definition is_zig :: "('o, 'm) zcat \<Rightarrow> ('o, 'm) zob \<Rightarrow> bool" where
  "is_zig D X \<longleftrightarrow> (\<exists>rs ss xs xs'. X = OZig rs ss xs xs' \<and>
     length rs = Suc (length ss) \<and> length xs = length ss \<and> length xs' = length ss \<and>
     set rs \<subseteq> Ob D \<and> set ss \<subseteq> Ob D \<and>
     (\<forall>i<length ss. xs ! i \<in> Ar D \<and> Dom D (xs ! i) = rs ! i \<and> Cod D (xs ! i) = ss ! i \<and>
        xs' ! i \<in> Ar D \<and> Dom D (xs' ! i) = rs ! Suc i \<and> Cod D (xs' ! i) = ss ! i))"

definition is_zmap :: "('o, 'm) zcat \<Rightarrow> ('o, 'm) zar \<Rightarrow> bool" where
  "is_zmap D F \<longleftrightarrow> (\<exists>X Y fs rsl ssl. F = AZig X Y fs rsl ssl \<and>
     is_zig D X \<and> is_zig D Y \<and>
     mono_map (zlen X) (zlen Y) fs \<and>
     length rsl = Suc (zlen Y) \<and> length ssl = zlen X \<and>
     (\<forall>i\<le>zlen Y. rsl ! i \<in> Ar D \<and> Dom D (rsl ! i) = zregs X ! hat fs i \<and>
        Cod D (rsl ! i) = zregs Y ! i) \<and>
     (\<forall>j<zlen X. ssl ! j \<in> Ar D \<and> Dom D (ssl ! j) = zsings X ! j \<and>
        Cod D (ssl ! j) = zsings Y ! (fs ! j)) \<and>
     (\<forall>i<zlen Y.
        (if {j. j < zlen X \<and> fs ! j = i} \<noteq> {} then
           (let p = Min {j. j < zlen X \<and> fs ! j = i}; q = Max {j. j < zlen X \<and> fs ! j = i} in
             Cmp D (ssl ! p) (zfwd X ! p) = Cmp D (zfwd Y ! i) (rsl ! i) \<and>
             Cmp D (ssl ! q) (zbwd X ! q) = Cmp D (zbwd Y ! i) (rsl ! Suc i) \<and>
             (\<forall>j. p \<le> j \<longrightarrow> j < q \<longrightarrow>
                Cmp D (ssl ! j) (zbwd X ! j) = Cmp D (ssl ! Suc j) (zfwd X ! Suc j)))
         else Cmp D (zfwd Y ! i) (rsl ! i) = Cmp D (zbwd Y ! i) (rsl ! Suc i))))"

definition Zcat :: "('o, 'm) zcat \<Rightarrow> ('o, 'm) zcat" where
  "Zcat D = \<lparr> Ob = {X. is_zig D X}, Ar = {F. is_zmap D F},
     Dom = zsrc, Cod = ztgt,
     Cmp = (\<lambda>G F. AZig (zsrc F) (ztgt G) (map (\<lambda>j. zfs G ! j) (zfs F))
              (map (\<lambda>i. Cmp D (zrsl G ! i) (zrsl F ! hat (zfs G) i)) [0..<Suc (zlen (ztgt G))])
              (map (\<lambda>j. Cmp D (zssl G ! (zfs F ! j)) (zssl F ! j)) [0..<length (zfs F)])),
     Idt = (\<lambda>X. AZig X X [0..<zlen X] (map (Idt D) (zregs X)) (map (Idt D) (zsings X))) \<rparr>"

primrec Zn :: "('o, 'm) cat \<Rightarrow> nat \<Rightarrow> ('o, 'm) zcat" where
  "Zn C 0 = lift0 C"
| "Zn C (Suc n) = Zcat (Zn C n)"

definition pi_vertical :: "('o, 'm) zar \<Rightarrow> bool" where
  "pi_vertical F \<longleftrightarrow> zlen (zsrc F) = zlen (ztgt F) \<and> zfs F = [0..<zlen (zsrc F)]"

definition pi_cocartesian :: "('o, 'm) zcat \<Rightarrow> ('o, 'm) zar \<Rightarrow> bool" where
  "pi_cocartesian E f \<longleftrightarrow> f \<in> Ar E \<and>
     (\<forall>h\<in>Ar E. Dom E h = Dom E f \<longrightarrow>
        (\<forall>u. mono_map (zlen (Cod E f)) (zlen (Cod E h)) u \<and> map (\<lambda>j. u ! j) (zfs f) = zfs h \<longrightarrow>
           (\<exists>!v. v \<in> Ar E \<and> Dom E v = Cod E f \<and> Cod E v = Cod E h \<and>
                 Cmp E v f = h \<and> zfs v = u)))"

inductive_set comp_closure :: "('o, 'a) cat \<Rightarrow> 'a set \<Rightarrow> 'a set"
  for C :: "('o, 'a) cat" and G :: "'a set" where
  gen: "f \<in> G \<Longrightarrow> f \<in> comp_closure C G"
| cmp: "f \<in> comp_closure C G \<Longrightarrow> g \<in> comp_closure C G \<Longrightarrow> Cod C f = Dom C g
          \<Longrightarrow> Cmp C g f \<in> comp_closure C G"

text \<open>Simple degeneracy: pi-cocartesian with pi(f) a monomorphism (injective) of Delta_+.\<close>
definition simple_degen_in :: "('o, 'm) zcat \<Rightarrow> ('o, 'm) zar \<Rightarrow> bool" where
  "simple_degen_in E f \<longleftrightarrow> pi_cocartesian E f \<and> distinct (zfs f)"

text \<open>Parallel degeneracy: pi-vertical with all slices degeneracy maps one level down (set S).\<close>
definition parallel_degen_in :: "('o, 'm) zcat \<Rightarrow> ('o, 'm) zar set \<Rightarrow> ('o, 'm) zar \<Rightarrow> bool" where
  "parallel_degen_in E S f \<longleftrightarrow> f \<in> Ar E \<and> pi_vertical f \<and>
     set (zrsl f) \<subseteq> S \<and> set (zssl f) \<subseteq> S"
--------------------------------------------------
**WHAT THIS TASK INVOLVES:**
Nothing but the lines from the one containing "C g f \<in>" through the end of the material should appear; please return them exactly.

**EXERCISE RESULT:**
          \<Longrightarrow> Cmp C g f \<in> comp_closure C G"

text \<open>Simple degeneracy: pi-cocartesian with pi(f) a monomorphism (injective) of Delta_+.\<close>
definition simple_degen_in :: "('o, 'm) zcat \<Rightarrow> ('o, 'm) zar \<Rightarrow> bool" where
  "simple_degen_in E f \<longleftrightarrow> pi_cocartesian E f \<and> distinct (zfs f)"

text \<open>Parallel degeneracy: pi-vertical with all slices degeneracy maps one level down (set S).\<close>
definition parallel_degen_in :: "('o, 'm) zcat \<Rightarrow> ('o, 'm) zar set \<Rightarrow> ('o, 'm) zar \<Rightarrow> bool" where
  "parallel_degen_in E S f \<longleftrightarrow> f \<in> Ar E \<and> pi_vertical f \<and>
     set (zrsl f) \<subseteq> S \<and> set (zssl f) \<subseteq> S"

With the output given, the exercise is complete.